=== Data for analysis ===
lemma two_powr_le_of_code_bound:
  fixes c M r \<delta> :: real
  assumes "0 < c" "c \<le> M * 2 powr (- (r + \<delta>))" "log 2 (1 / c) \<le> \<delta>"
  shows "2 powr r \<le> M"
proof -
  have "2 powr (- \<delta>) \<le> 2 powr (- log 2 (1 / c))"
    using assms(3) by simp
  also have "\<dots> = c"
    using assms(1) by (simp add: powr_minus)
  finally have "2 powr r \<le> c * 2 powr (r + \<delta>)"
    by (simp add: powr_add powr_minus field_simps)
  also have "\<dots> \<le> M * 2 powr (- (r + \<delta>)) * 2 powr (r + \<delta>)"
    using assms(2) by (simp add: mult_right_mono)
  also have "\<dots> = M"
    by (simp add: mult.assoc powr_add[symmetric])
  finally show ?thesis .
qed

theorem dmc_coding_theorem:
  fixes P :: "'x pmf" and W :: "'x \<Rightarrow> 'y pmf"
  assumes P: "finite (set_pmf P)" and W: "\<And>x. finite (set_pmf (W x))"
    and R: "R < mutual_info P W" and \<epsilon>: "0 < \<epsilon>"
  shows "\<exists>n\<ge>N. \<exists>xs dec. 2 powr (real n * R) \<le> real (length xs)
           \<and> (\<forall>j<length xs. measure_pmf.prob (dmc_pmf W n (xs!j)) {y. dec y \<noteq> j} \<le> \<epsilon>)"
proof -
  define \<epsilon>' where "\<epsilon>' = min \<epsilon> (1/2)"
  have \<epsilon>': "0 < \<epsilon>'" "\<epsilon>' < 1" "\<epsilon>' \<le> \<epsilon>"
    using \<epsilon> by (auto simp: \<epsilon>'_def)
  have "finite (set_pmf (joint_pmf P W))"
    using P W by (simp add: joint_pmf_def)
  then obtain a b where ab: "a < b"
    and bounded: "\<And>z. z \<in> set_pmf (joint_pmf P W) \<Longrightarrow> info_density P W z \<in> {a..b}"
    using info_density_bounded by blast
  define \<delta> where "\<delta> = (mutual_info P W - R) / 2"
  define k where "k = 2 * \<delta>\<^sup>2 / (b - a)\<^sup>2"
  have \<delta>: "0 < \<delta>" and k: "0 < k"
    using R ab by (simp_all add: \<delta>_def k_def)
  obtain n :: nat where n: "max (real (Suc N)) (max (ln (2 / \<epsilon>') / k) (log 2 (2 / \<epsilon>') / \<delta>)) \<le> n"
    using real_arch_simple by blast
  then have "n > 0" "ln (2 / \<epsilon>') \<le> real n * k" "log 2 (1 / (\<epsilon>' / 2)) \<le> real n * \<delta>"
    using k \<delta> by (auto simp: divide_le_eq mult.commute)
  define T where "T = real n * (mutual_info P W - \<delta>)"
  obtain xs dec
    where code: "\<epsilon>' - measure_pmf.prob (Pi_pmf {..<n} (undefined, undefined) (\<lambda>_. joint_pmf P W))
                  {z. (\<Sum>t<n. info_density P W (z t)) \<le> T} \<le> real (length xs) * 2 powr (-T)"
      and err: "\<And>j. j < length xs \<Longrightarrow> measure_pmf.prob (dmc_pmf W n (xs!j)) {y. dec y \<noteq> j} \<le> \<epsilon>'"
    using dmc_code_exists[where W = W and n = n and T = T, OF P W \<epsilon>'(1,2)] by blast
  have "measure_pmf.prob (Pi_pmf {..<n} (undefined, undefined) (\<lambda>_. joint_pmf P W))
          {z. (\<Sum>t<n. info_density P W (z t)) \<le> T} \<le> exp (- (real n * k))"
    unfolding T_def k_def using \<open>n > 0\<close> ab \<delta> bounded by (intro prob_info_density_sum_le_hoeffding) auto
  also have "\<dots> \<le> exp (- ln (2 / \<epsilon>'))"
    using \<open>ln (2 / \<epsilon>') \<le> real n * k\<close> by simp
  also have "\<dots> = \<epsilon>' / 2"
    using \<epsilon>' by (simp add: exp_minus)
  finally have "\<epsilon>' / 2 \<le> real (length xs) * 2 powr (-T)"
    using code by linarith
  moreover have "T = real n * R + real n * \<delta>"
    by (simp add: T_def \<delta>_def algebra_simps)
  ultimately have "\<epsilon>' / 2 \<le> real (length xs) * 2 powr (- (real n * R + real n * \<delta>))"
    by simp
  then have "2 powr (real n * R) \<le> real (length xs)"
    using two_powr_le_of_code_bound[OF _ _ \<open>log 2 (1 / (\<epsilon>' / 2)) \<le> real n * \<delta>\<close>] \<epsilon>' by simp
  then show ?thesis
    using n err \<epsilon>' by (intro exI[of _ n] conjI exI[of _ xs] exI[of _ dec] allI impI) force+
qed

=== What is required ===
What is the number of lines in the data that include "intro"? Respond with that number and no other text.

=== Completed exercise ===
2